Carrie couldn’t help but feel his grief, and her heart ached for this man she’d just met. She glanced around. Now that Will mentioned it, it was extremely quiet here. No cars other than their taxi had pulled up since they’d arrived. Considering the hotel was located in a popular area of Nassau, there should have been some activity.
“Where is everyone?” she asked.
“I have a few guests right now, but…well, come inside and I’ll tell you all about it.”
Will led the way and into the lobby, which had a shiny indigo teal tile floor. The skylight above showed a section of bright blue sky. A woman behind the main desk nodded at Will in greeting.
Doors to the left led to the pool and beach area, and a young, attractive couple walked through them into the lobby.
“I hate you!” the woman snarled. “I wish I’d never married you.”
“The feeling’s mutual,” the man snapped back. “Do you know how much that wedding cost?”
“I know because my parents paid for it. Your parents were too damn cheap to chip in on anything but the flowers.”
He glowered at her. “I should have hooked up with your roommate instead of you.”
“I knew you had the hots for her, you bastard!” She burst into tears and ran off toward the elevators and he stomped back out to the pool area.
A chill moved down Carrie’s arms after witnessing the squabble.

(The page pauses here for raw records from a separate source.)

(* Let $\lambda_1,\lambda_2>0$, $\alpha\in\mathbb{R}\setminus\{0\}$, let $\delta^{\star}(\alpha)=1/\alpha^2$ if $\alpha\le 2$ and $\delta^{\star}(\alpha)=\frac{1}{2\alpha}\exp\{1-\frac{\alpha}{2}\}$ if $\alpha>2$, and $|\delta|\le\delta^{\star}(\alpha)$. Let $(X,Y)$ be a random vector on $(0,\infty)^2$ with joint distribution function $$F(x,y)=\left(1-e^{-x^2/2\lambda_1^2}\right)\left(1-e^{-y^2/2\lambda_2^2}\right)+\delta\left(1-e^{\alpha\left(e^{-x^2/2\lambda_1^2}-e^{-x^2/\lambda_1^2}\right)}\right)\left(1-e^{\alpha\left(e^{-y^2/2\lambda_2^2}-e^{-y^2/\lambda_2^2}\right)}\right),\quad x,y>0.$$ Then for all real $r,s\ge0$, $$E(X^rY^s)=\lambda_1^r\lambda_2^s2^{(r+s)/2}\Gamma\!\left(1+\tfrac r2\right)\Gamma\!\left(1+\tfrac s2\right)\left[1+\delta\alpha^2 S_r S_s\right],$$ where for $m\ge0$ $$S_m=\sum_{k=0}^{\infty}\frac{\alpha^k}{k!}\sum_{t=0}^{k}(-1)^t\binom{k}{t}\left(2(k+t+2)^{-\frac{m+2}{2}}-(k+t+1)^{-\frac{m+2}{2}}\right).$$
   Context: $\Gamma$ denotes the gamma function. *)

theory Defs
  imports "HOL-Probability.Probability"
begin

definition delta_star :: "real \<Rightarrow> real" where
  "delta_star \<alpha> = (if \<alpha> \<le> 2 then 1 / \<alpha>\<^sup>2 else (1 / (2 * \<alpha>)) * exp (1 - \<alpha> / 2))"

definition F_joint :: "real \<Rightarrow> real \<Rightarrow> real \<Rightarrow> real \<Rightarrow> real \<Rightarrow> real \<Rightarrow> real" where
  "F_joint l1 l2 \<alpha> \<delta> x y =
     (1 - exp (- x\<^sup>2 / (2 * l1\<^sup>2))) * (1 - exp (- y\<^sup>2 / (2 * l2\<^sup>2)))
     + \<delta> * (1 - exp (\<alpha> * (exp (- x\<^sup>2 / (2 * l1\<^sup>2)) - exp (- x\<^sup>2 / l1\<^sup>2))))
         * (1 - exp (\<alpha> * (exp (- y\<^sup>2 / (2 * l2\<^sup>2)) - exp (- y\<^sup>2 / l2\<^sup>2))))"

definition S_coef :: "real \<Rightarrow> real \<Rightarrow> real" where
  "S_coef \<alpha> m = (\<Sum>k. \<alpha> ^ k / fact k *
     (\<Sum>t = 0..k. (-1) ^ t * real (k choose t) *
        (2 * (real (k + t + 2)) powr (- (m + 2) / 2) - (real (k + t + 1)) powr (- (m + 2) / 2))))"

end

theory Submission
  imports Defs "HOL-Real_Asymp.Real_Asymp"
begin

text \<open>
  Letting \<open>y \<rightarrow> \<infinity>\<close> in \<open>F\<close> shows that both marginals are Rayleigh, with survival
  functions \<open>w\<^sub>i(x) = exp (- x\<^sup>2 / (2 \<lambda>\<^sub>i\<^sup>2))\<close>, and inclusion-exclusion turns \<open>F\<close> into
  \<open>P(X > a, Y > b) = w\<^sub>1(a) w\<^sub>2(b) + \<delta> v\<^sub>1(a) v\<^sub>2(b)\<close> with \<open>v = 1 - exp (\<alpha> (w - w\<^sup>2))\<close>.
  Let \<open>\<mu>\<^sub>r\<close> be the measure with density \<open>r a\<^bsup>r-1\<^esup>\<close> on \<open>[0, \<infinity>)\<close> (a unit mass at 0
  if \<open>r = 0\<close>), so that \<open>x\<^sup>r = \<mu>\<^sub>r [0, x)\<close>. Tonelli then gives
  \<open>E(X\<^sup>r Y\<^sup>s) = \<integral>\<integral> P(X > a, Y > b) d\<mu>\<^sub>s(b) d\<mu>\<^sub>r(a)\<close>, which splits along the two
  products. The integrals \<open>\<integral> w\<^sup>n d\<mu>\<^sub>r = \<lambda>\<^sup>r 2\<^bsup>r/2\<^esup> \<Gamma>(1 + r/2) n\<^bsup>-r/2\<^esup>\<close> are
  Gaussian moments, and \<open>\<integral> v d\<mu>\<^sub>r\<close> is obtained by expanding the exponential into its
  power series and \<open>(w - w\<^sup>2)\<^bsup>k+1\<^esup>\<close> binomially. The identity
  \<open>C(k+1, t) (k+1+t) = (k+1) (C(k, t) + 2 C(k, t-1))\<close> regroups the resulting alternating
  sums into the summands of \<open>S\<^sub>r\<close>.
\<close>

section \<open>Series expansions\<close>

lemma Suc_choose_Suc_times:
  "(Suc k choose Suc t) * (Suc k + Suc t) = Suc k * ((k choose Suc t) + 2 * (k choose t))"
proof -
  have "Suc t * (Suc k choose Suc t) = Suc k * (k choose t)"
    by (metis Suc_times_binomial_eq mult.commute)
  then show ?thesis by (simp add: algebra_simps)
qed

lemma alternating_sum_Suc_choose:
  fixes y :: "nat \<Rightarrow> 'a :: comm_ring_1"
  shows "(\<Sum>t\<le>Suc k. (-1)^t * of_nat ((Suc k choose t) * (Suc k + t)) * y t)
       = of_nat (Suc k) * (\<Sum>t\<le>k. (-1)^t * of_nat (k choose t) * (y t - 2 * y (Suc t)))"
proof -
  have shift: "(\<Sum>t\<le>k. (-1)^Suc t * of_nat (k choose Suc t) * y (Suc t))
      = (\<Sum>t\<le>k. (-1)^t * of_nat (k choose t) * y t) - y 0"
    using sum.atMost_Suc_shift[of "\<lambda>t. (-1)^t * of_nat (k choose t) * y t" k]
    by (simp add: binomial_eq_0 sum_negf)
  have "(\<Sum>t\<le>Suc k. (-1)^t * of_nat ((Suc k choose t) * (Suc k + t)) * y t)
      = of_nat (Suc k) * y 0 + (\<Sum>t\<le>k. (-1)^Suc t * of_nat (Suc k) *
          (of_nat (k choose Suc t) + 2 * of_nat (k choose t)) * y (Suc t))"
    by (simp only: sum.atMost_Suc_shift Suc_choose_Suc_times) (simp add: algebra_simps)
  also have "\<dots> = of_nat (Suc k) * (y 0 + (\<Sum>t\<le>k. (-1)^Suc t * of_nat (k choose Suc t) * y (Suc t))
      - 2 * (\<Sum>t\<le>k. (-1)^t * of_nat (k choose t) * y (Suc t)))"
    by (simp add: algebra_simps sum.distrib sum_distrib_left sum_subtractf)
  finally show ?thesis
    unfolding shift by (simp add: algebra_simps sum_subtractf sum_distrib_left)
qed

A couple of moments later, they arrived at Will’s office. “What you just saw out there is one of the many problems at Violet Shores right now.”
“A married couple arguing about their relationship.” Patrick crossed his arms. “Not all that unusual.”

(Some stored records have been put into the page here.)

lemma Linf_r_norm_le:
  assumes h: "h \<in> borel_measurable (restrict_space lborel Rpos)"
    and bound: "AE y in lborel. y \<in> Rpos \<longrightarrow> \<bar>rfun \<mu> y * h y\<bar> \<le> e"
  shows "Linf_r_norm \<mu> h \<le> ereal e"
  unfolding Linf_r_norm_def
proof (rule esssup_I)
  have [measurable]: "rfun \<mu> \<in> borel_measurable (restrict_space lborel Rpos)"
    by (rule measurable_restrict_space1) simp
  show "(\<lambda>y. ereal \<bar>rfun \<mu> y * h y\<bar>) \<in> borel_measurable (restrict_space lborel Rpos)"
    using h by measurable
  show "AE y in restrict_space lborel Rpos. ereal \<bar>rfun \<mu> y * h y\<bar> \<le> ereal e"
    using bound by (subst AE_restrict_space_iff) auto
qed

lemma ereal_tendsto_0I:
  fixes S :: "nat \<Rightarrow> ereal"
  assumes nonneg: "\<And>m. 0 \<le> S m" and le: "\<And>e. 0 < e \<Longrightarrow> eventually (\<lambda>m. S m \<le> ereal e) sequentially"
  shows "S \<longlonglongrightarrow> 0"
proof (rule order_tendstoI)
  fix a :: ereal assume "a < 0"
  then show "eventually (\<lambda>m. a < S m) sequentially"
    using nonneg by (auto intro: always_eventually less_le_trans)
next
  fix a :: ereal assume "0 < a"
  then obtain e where "0 < ereal e" "ereal e < a" using ereal_dense2 by blast
  with le[of e] show "eventually (\<lambda>m. S m < a) sequentially"
    by (auto elim: eventually_mono intro: le_less_trans)
qed

locale approximate_identity =
  fixes \<mu> :: "real^'n" and \<phi> :: "nat \<Rightarrow> real^'n \<Rightarrow> real"
  assumes mu: "\<forall>i. -1/2 < \<mu> $ i"
    and phi_L1: "in_L1_sr \<mu> (\<phi> m)"
    and phi_nonneg: "\<forall>x\<in>Rpos. 0 \<le> \<phi> m x"
    and phi_int: "(LINT x : Rpos | lborel. \<phi> m x * sfun \<mu> x * rfun \<mu> x) = 1"
    and phi_conc: "0 < \<eta> \<Longrightarrow>
      (\<lambda>m. LINT x : {x\<in>Rpos. \<eta> < norm x} | lborel. \<phi> m x * rfun \<mu> x * sfun \<mu> x) \<longlonglongrightarrow> 0"
begin

lemma eventually_tail_le:
  assumes "0 < \<delta>" "0 < \<epsilon>"
  shows "eventually (\<lambda>m. K * (LINT x : {x\<in>Rpos. \<delta> < norm x} | lborel. \<phi> m x * rfun \<mu> x * sfun \<mu> x) \<le> \<epsilon>)
           sequentially"
proof -
  have "(\<lambda>m. K * (LINT x : {x\<in>Rpos. \<delta> < norm x} | lborel. \<phi> m x * rfun \<mu> x * sfun \<mu> x)) \<longlonglongrightarrow> 0"
    using tendsto_mult_left[OF phi_conc[OF assms(1)], of K] by simp
  from order_tendstoD(2)[OF this assms(2)] show ?thesis
    by eventually_elim simp
qed

lemma hconv_tendsto:
  assumes f: "in_Linf_r \<mu> f" and x0: "x0 \<in> Rpos" and cont: "continuous (at x0 within Rpos) f"
  shows "(\<lambda>m. hconv \<mu> f (\<phi> m) x0) \<longlonglongrightarrow> f x0"
proof (rule tendstoI)
  fix e :: real assume e: "0 < e"
  define g where "g y = rfun \<mu> y * f y" for y
  obtain M where M: "0 \<le> M" "AE y in lborel. y \<in> Rpos \<longrightarrow> \<bar>g y\<bar> \<le> M"
    using in_Linf_r_AE_bound[OF f] unfolding g_def by blast
  define \<epsilon> where "\<epsilon> = e / (3 * rinv \<mu> x0)"
  have \<epsilon>: "0 < \<epsilon>" using e rinv_pos[OF x0] by (simp add: \<epsilon>_def)
  have "continuous (at x0 within Rpos) g"
    unfolding g_def[abs_def] by (intro continuous_mult continuous_rfun x0 cont)
  then obtain \<delta> where \<delta>: "0 < \<delta>" and near: "\<forall>y\<in>Rpos. dist y x0 < \<delta> \<longrightarrow> dist (g y) (g x0) < \<epsilon>"
    using \<epsilon> unfolding continuous_within_eps_delta by blast
  have far: "AE y in lborel. y \<in> Rpos \<longrightarrow> \<bar>g y - g x0\<bar> \<le> M + \<bar>g x0\<bar>"
    using M(2) by eventually_elim auto
  show "eventually (\<lambda>m. dist (hconv \<mu> f (\<phi> m) x0) (f x0) < e) sequentially"
    using eventually_tail_le[OF \<delta> \<epsilon>, of "M + \<bar>g x0\<bar>"]
  proof eventually_elim
    case (elim m)
    have "\<bar>hconv \<mu> f (\<phi> m) x0 - f x0\<bar>
        \<le> rinv \<mu> x0 * (\<epsilon> + (M + \<bar>g x0\<bar>) * (LINT z : {z\<in>Rpos. \<delta> < norm z} | lborel. \<phi> m z * rfun \<mu> z * sfun \<mu> z))"
      using f x0 M(1) \<epsilon> far near unfolding g_def in_Linf_r_def
      by (intro hconv_deviation_le[OF mu _ _ phi_L1 phi_nonneg phi_int]) (auto simp: dist_real_def less_imp_le)
    also have "\<dots> \<le> rinv \<mu> x0 * (2 * \<epsilon>)"
      using elim rinv_nonneg[of \<mu> x0] by (intro mult_left_mono) auto
    also have "\<dots> < e"
      using e rinv_pos[OF x0] by (simp add: \<epsilon>_def)
    finally show ?case by (simp add: dist_real_def)
  qed
qed

lemma eventually_Linf_r_norm_hconv_diff_le:
  assumes f: "in_Linf_r \<mu> f" and uc: "uniformly_continuous_on Rpos (\<lambda>x. rfun \<mu> x * f x)"
    and e: "0 < e"
  shows "eventually (\<lambda>m. Linf_r_norm \<mu> (\<lambda>x. hconv \<mu> f (\<phi> m) x - f x) \<le> ereal e) sequentially"
proof -
  define g where "g y = rfun \<mu> y * f y" for y
  have f_meas [measurable]: "f \<in> borel_measurable (restrict_space lborel Rpos)"
    using f by (simp add: in_Linf_r_def)
  obtain M where M: "0 \<le> M" "AE y in lborel. y \<in> Rpos \<longrightarrow> \<bar>g y\<bar> \<le> M"
    using in_Linf_r_AE_bound[OF f] unfolding g_def by blast
  obtain \<delta> where \<delta>: "0 < \<delta>" and near: "\<forall>x\<in>Rpos. \<forall>y\<in>Rpos. dist y x < \<delta> \<longrightarrow> dist (g y) (g x) < e/2"
    using uc e unfolding uniformly_continuous_on_def g_def[abs_def] by (metis half_gt_zero)
  let ?T = "\<lambda>m. LINT z : {z\<in>Rpos. \<delta> < norm z} | lborel. \<phi> m z * rfun \<mu> z * sfun \<mu> z"
  show ?thesis
    using eventually_tail_le[OF \<delta> half_gt_zero[OF e], of "2 * M"]
  proof eventually_elim
    case (elim m)
    have [measurable]: "hconv \<mu> f (\<phi> m) \<in> borel_measurable (restrict_space lborel Rpos)"
      by (rule measurable_restrict_space1) (rule hconv_measurable[OF mu f_meas phi_L1])
    have pointwise: "\<bar>rfun \<mu> x * (hconv \<mu> f (\<phi> m) x - f x)\<bar> \<le> e"
      if x: "x \<in> Rpos" and gx: "\<bar>g x\<bar> \<le> M" for x
    proof -
      have far: "AE y in lborel. y \<in> Rpos \<longrightarrow> \<bar>g y - g x\<bar> \<le> 2 * M"
        using M(2) by eventually_elim (use gx in auto)
      have "\<bar>hconv \<mu> f (\<phi> m) x - f x\<bar> \<le> rinv \<mu> x * (e/2 + 2 * M * ?T m)"
        using x M(1) e far near unfolding g_def
        by (intro hconv_deviation_le[OF mu _ f_meas phi_L1 phi_nonneg phi_int]) (auto simp: dist_real_def less_imp_le)
      then have "rfun \<mu> x * \<bar>hconv \<mu> f (\<phi> m) x - f x\<bar> \<le> rfun \<mu> x * (rinv \<mu> x * (e/2 + 2 * M * ?T m))"
        by (rule mult_left_mono) (rule rfun_nonneg)
      also have "\<dots> = e/2 + 2 * M * ?T m"
        using rfun_mult_rinv[OF x, of \<mu>] by (simp add: mult.assoc[symmetric])
      also have "\<dots> \<le> e"
        using elim by simp
      finally show ?thesis
        using rfun_pos[OF x, of \<mu>] by (simp add: abs_mult)
    qed
    have "AE x in lborel. x \<in> Rpos \<longrightarrow> \<bar>rfun \<mu> x * (hconv \<mu> f (\<phi> m) x - f x)\<bar> \<le> e"
      using M(2) by eventually_elim (auto intro: pointwise)
    then show ?case
      by (rule Linf_r_norm_le[rotated]) measurable
  qed
qed
lemma PhiMor_natural:
  assumes "Tmor A R B S f" "nontrivial_family A R" "h \<in> X \<rightarrow> Y" "c \<in> PhiObj B S X"
  shows "PhiMor A R Y f (PhiMap B S Y h c) = PhiMap A R Y h (PhiMor A R X f c)"
proof -
  obtain g where g: "g \<in> B \<rightarrow>\<^sub>E X" and c: "c = cls B S X g"
    using assms(4) unfolding PhiObj_def by blast
  have f: "f \<in> A \<rightarrow> B" using assms(1) by (simp add: Tmor_def)
  have "g \<in> B \<rightarrow> X"
    using g by (simp add: PiE_def)
  then have hg: "compose B h g \<in> B \<rightarrow>\<^sub>E Y" and gf: "compose A g f \<in> A \<rightarrow>\<^sub>E X"
    using assms(3) f by (simp_all add: compose_PiE)
  have "PhiMor A R Y f (PhiMap B S Y h c) = PhiMor A R Y f (cls B S Y (compose B h g))"
    by (simp add: c PhiMap_cls[OF assms(3) g])
  also have "\<dots> = cls A R Y (compose A (compose B h g) f)"
    by (rule PhiMor_cls[OF assms(1,2) hg])
  also have "\<dots> = cls A R Y (compose A h (compose A g f))"
    by (simp add: compose_assoc[OF f])
  also have "\<dots> = PhiMap A R Y h (cls A R X (compose A g f))"
    by (rule PhiMap_cls[OF assms(3) gf, symmetric])
  also have "\<dots> = PhiMap A R Y h (PhiMor A R X f c)"
    by (simp add: c PhiMor_cls[OF assms(1,2) g])
  finally show ?thesis .
qed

“Yeah, but they only got married yesterday. Here, on the beach at sunset. They invited me as one of the witnesses, since they decided to elope. They were madly in love, no doubt about it—so much so that I envied their happiness. Now? I don’t know.” Will sighed. “And they’re not the first to have a falling out right after their vows. Almost every couple that stays here and is obviously in love leaves miserable and, uh, not in love. I assume other guests are repelled by the arguing and fighting and end up going across to the Loa Loa, hoping there are rooms available.”
“And you think this is a curse?” Carrie asked.

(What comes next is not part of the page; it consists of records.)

lemma rooted_forest_move_leaf_edge:
  assumes rf: "rooted_forest V E T F" and "c \<notin> T"
    and at_c: "{f \<in> E. c \<in> f} = {{c, x}, {c, y}}"
    and "{c, x} \<in> F" and "{c, y} \<notin> F"
    and "y \<in> V" and "y \<noteq> c"
  shows "rooted_forest V E T (insert {c, y} (F - {{c, x}}))"
proof -
  define F' where "F' = insert {c, y} (F - {{c, x}})"
  have "F \<subseteq> E" and acyclic: "\<not> has_cycle F" and roots: "\<forall>u\<in>V. \<exists>t\<in>T. reachable F u t"
    using rf unfolding rooted_forest_def spanning_forest_def by auto
  have leaf: "\<forall>f\<in>F. c \<in> f \<longrightarrow> f = {c, x}"
    using at_c \<open>F \<subseteq> E\<close> \<open>{c, y} \<notin> F\<close> by blast
  have leaf': "z = y" if "{c, z} \<in> F'" for z
    using that leaf unfolding F'_def by (auto simp: doubleton_eq_iff)
  have "{f \<in> F'. c \<notin> f} \<subseteq> F" unfolding F'_def by auto
  then have "\<not> has_cycle F'"
    using has_cycle_avoiding_leaf[OF _ leaf'] has_cycle_mono acyclic by blast
  moreover have "F' \<subseteq> E" using \<open>F \<subseteq> E\<close> at_c unfolding F'_def by blast
  moreover have "\<exists>t\<in>T. reachable F' u t" if "u \<in> V" for u
  proof -
    have to_root: "\<exists>t\<in>T. reachable F' (if z = c then x else z) t" if "z \<in> V" for z
    proof -
      obtain t where "t \<in> T" "reachable F z t" using roots \<open>z \<in> V\<close> by blast
      then show ?thesis
        using reachable_without_leaf_edge[OF leaf] reachable_mono[of _ F'] \<open>c \<notin> T\<close>
        unfolding F'_def by (metis Diff_subset_conv subset_insertI)
    qed
    show ?thesis
    proof (cases "u = c")
      case True
      have "{c, y} \<in> F'" unfolding F'_def by simp
      then show ?thesis
        using to_root[OF \<open>y \<in> V\<close>] \<open>y \<noteq> c\<close> True reachable_edge_step by fastforce
    qed (use to_root[OF \<open>u \<in> V\<close>] in auto)
  qed
  ultimately show ?thesis
    unfolding F'_def[symmetric] rooted_forest_def spanning_forest_def by blast
qed

lemma rooted_forest_exchange_edges_at:
  assumes "simple_graph V E" and "rooted_forest V E T F" and "c \<notin> T"
    and at_c: "{f \<in> E. c \<in> f} = {f1, f2}" and "f1 \<in> F" and "f2 \<notin> F"
  shows "rooted_forest V E T (F - {f1} \<union> {f2})"
proof -
  have "f1 \<in> E" "c \<in> f1" "f2 \<in> E" "c \<in> f2" using at_c by blast+
  then obtain x y where "f1 = {c, x}" "f2 = {c, y}" "y \<in> V" "y \<noteq> c"
    using simple_graph_incident_edge[OF assms(1)] by metis
  then show ?thesis
    using rooted_forest_move_leaf_edge[OF assms(2,3), of x y] assms(4-6) by simp
qed

lemma rooted_forests_exchange_edges_at:
  assumes "simple_graph V E" and "rooted_forest V E T F1" and "rooted_forest V E T F2"
    and "F1 \<inter> F2 = {}" and "c \<notin> T" and at_c: "{f \<in> E. c \<in> f} = {f1, f2}"
    and "f1 \<in> F1" and "f2 \<in> F2"
  shows "rooted_forest V E T (F1 - {f1} \<union> {f2}) \<and> rooted_forest V E T (F2 - {f2} \<union> {f1})"
proof -
  have "f2 \<notin> F1" "f1 \<notin> F2" using assms(4,7,8) by blast+
  moreover have "{f \<in> E. c \<in> f} = {f2, f1}" using at_c by (simp add: insert_commute)
  ultimately show ?thesis
    using rooted_forest_exchange_edges_at[OF assms(1,2,5) at_c]
      rooted_forest_exchange_edges_at[OF assms(1,3,5)] assms(7,8) by simp
qed

lemma rooted_forests_share_edges_at:
  assumes "rooted_forest V E T F1" and "rooted_forest V E T F2" and "F1 \<inter> F2 = {}"
    and "c \<in> V" and "c \<notin> T" and at_c: "{f \<in> E. c \<in> f} = {e1, e2}"
  shows "(e1 \<in> F1 \<and> e2 \<in> F2) \<or> (e1 \<in> F2 \<and> e2 \<in> F1)"
proof -
  obtain g1 g2 where "g1 \<in> F1" "c \<in> g1" "g2 \<in> F2" "c \<in> g2"
    using rooted_forest_edge_at[OF assms(1,4,5)] rooted_forest_edge_at[OF assms(2,4,5)] by blast
  moreover have "F1 \<subseteq> E" "F2 \<subseteq> E"
    using assms(1,2) unfolding rooted_forest_def spanning_forest_def by auto
  ultimately have "g1 \<in> {e1, e2}" "g2 \<in> {e1, e2}" "g1 \<noteq> g2"
    using at_c assms(3) by blast+
  then show ?thesis using \<open>g1 \<in> F1\<close> \<open>g2 \<in> F2\<close> by auto
qed

theorem lemma4p1:
  fixes V :: "'a set" and E :: "'a set set" and v w a b c d e :: 'a
    and F1 F2 :: "'a set set"
  assumes "simple_graph V E" and "connected_graph V E" and "regular 4 V E"
    and "odd (card V)"
    and "v \<in> V" and "w \<in> V" and "{v, w} \<in> E"
    and "nbrs E v \<inter> nbrs E w = {c}"
    and "nbrs E w = {v, a, b, c}" and "nbrs E v = {w, c, d, e}"
    and "F1 \<union> F2 = del_verts_E E {v, w}" and "F1 \<inter> F2 = {}"
    and "rooted_forest (del_verts_V V {v, w}) (del_verts_E E {v, w}) {a, b, d, e} F1"
    and "rooted_forest (del_verts_V V {v, w}) (del_verts_E E {v, w}) {a, b, d, e} F2"
  shows "\<exists>e1 e2. e1 \<noteq> e2 \<and> {x \<in> del_verts_E E {v, w}. c \<in> x} = {e1, e2}
           \<and> ((e1 \<in> F1 \<and> e2 \<in> F2) \<or> (e1 \<in> F2 \<and> e2 \<in> F1))
           \<and> (\<forall>f1 f2. f1 \<in> F1 \<and> f2 \<in> F2 \<and> {f1, f2} = {e1, e2} \<longrightarrow>
                rooted_forest (del_verts_V V {v, w}) (del_verts_E E {v, w}) {a, b, d, e}
                   (F1 - {f1} \<union> {f2})
              \<and> rooted_forest (del_verts_V V {v, w}) (del_verts_E E {v, w}) {a, b, d, e}
                   (F2 - {f2} \<union> {f1}))"
proof -
  define V' E' T where "V' = del_verts_V V {v, w}" and "E' = del_verts_E E {v, w}"
    and "T = {a, b, d, e}"
  have "c \<notin> {v, a, b}" and "c \<notin> {w, d, e}"
    using regular_card_nbrs[OF assms(1,3)] assms(5,6,9,10)
    by (force simp: card_insert_if split: if_splits)+
  then have "c \<notin> {v, w}" and "c \<notin> T" unfolding T_def by auto
  have "c \<in> V" and "v \<noteq> w"
    using simple_graph_nbrs_subset[OF assms(1), of w] assms(9) by auto
  then have "c \<in> V'" using \<open>c \<notin> {v, w}\<close> unfolding V'_def del_verts_V_def by blast
  have "{v, w} \<subseteq> nbrs E c"
    using assms(9,10) unfolding nbrs_def by (auto simp: insert_commute)
  then have "card {f \<in> E'. c \<in> f} = 2"
    using card_incident_edges_del_verts[OF assms(1) \<open>c \<notin> {v, w}\<close>]
      regular_card_nbrs[OF assms(1,3) \<open>c \<in> V\<close>] \<open>v \<noteq> w\<close> unfolding E'_def by simp
  then obtain e1 e2 where at_c: "{f \<in> E'. c \<in> f} = {e1, e2}" and "e1 \<noteq> e2"
    by (auto simp: card_2_iff)
  have S: "simple_graph V' E'"
    using simple_graph_del_verts[OF assms(1)] unfolding V'_def E'_def .
  have rf: "rooted_forest V' E' T F1" "rooted_forest V' E' T F2"
    using assms(13,14) unfolding V'_def E'_def T_def .
  have swap: "\<forall>f1 f2. f1 \<in> F1 \<and> f2 \<in> F2 \<and> {f1, f2} = {e1, e2} \<longrightarrow>
      rooted_forest V' E' T (F1 - {f1} \<union> {f2}) \<and> rooted_forest V' E' T (F2 - {f2} \<union> {f1})"
    using rooted_forests_exchange_edges_at[OF S rf assms(12) \<open>c \<notin> T\<close>] at_c by metis
  note parts = rooted_forests_share_edges_at[OF rf assms(12) \<open>c \<in> V'\<close> \<open>c \<notin> T\<close> at_c]
  show ?thesis
    unfolding V'_def[symmetric] E'_def[symmetric] T_def[symmetric]
    by (intro exI[of _ e1] exI[of _ e2] conjI; fact)
qed

end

He spread his hands. “What else could it be?”
“You said you believe you’re in possession of a cursed amulet. It says here—” Patrick studied the small screen of his BlackBerry “—you’d give more details once we arrived.”
Carrie took a seat across from Will’s desk when he indicated that she should. Patrick remained standing.
“Yes.” Will lowered his voice to a whisper and looked around nervously. “It’s Erzulie.”
“Gesundheit,” Carrie said.
“No, I didn’t sneeze. That’s the name of—”
“The Caribbean goddess of love and sex,” Patrick finished.
Will nodded. “It’s all her fault.”
Patrick eyed his screen again for a long moment. “You think a mythical goddess cursed your resort.”
Will’s jaw set. “Yes, I do. And I’m surprised you sound so skeptical considering who you work for.”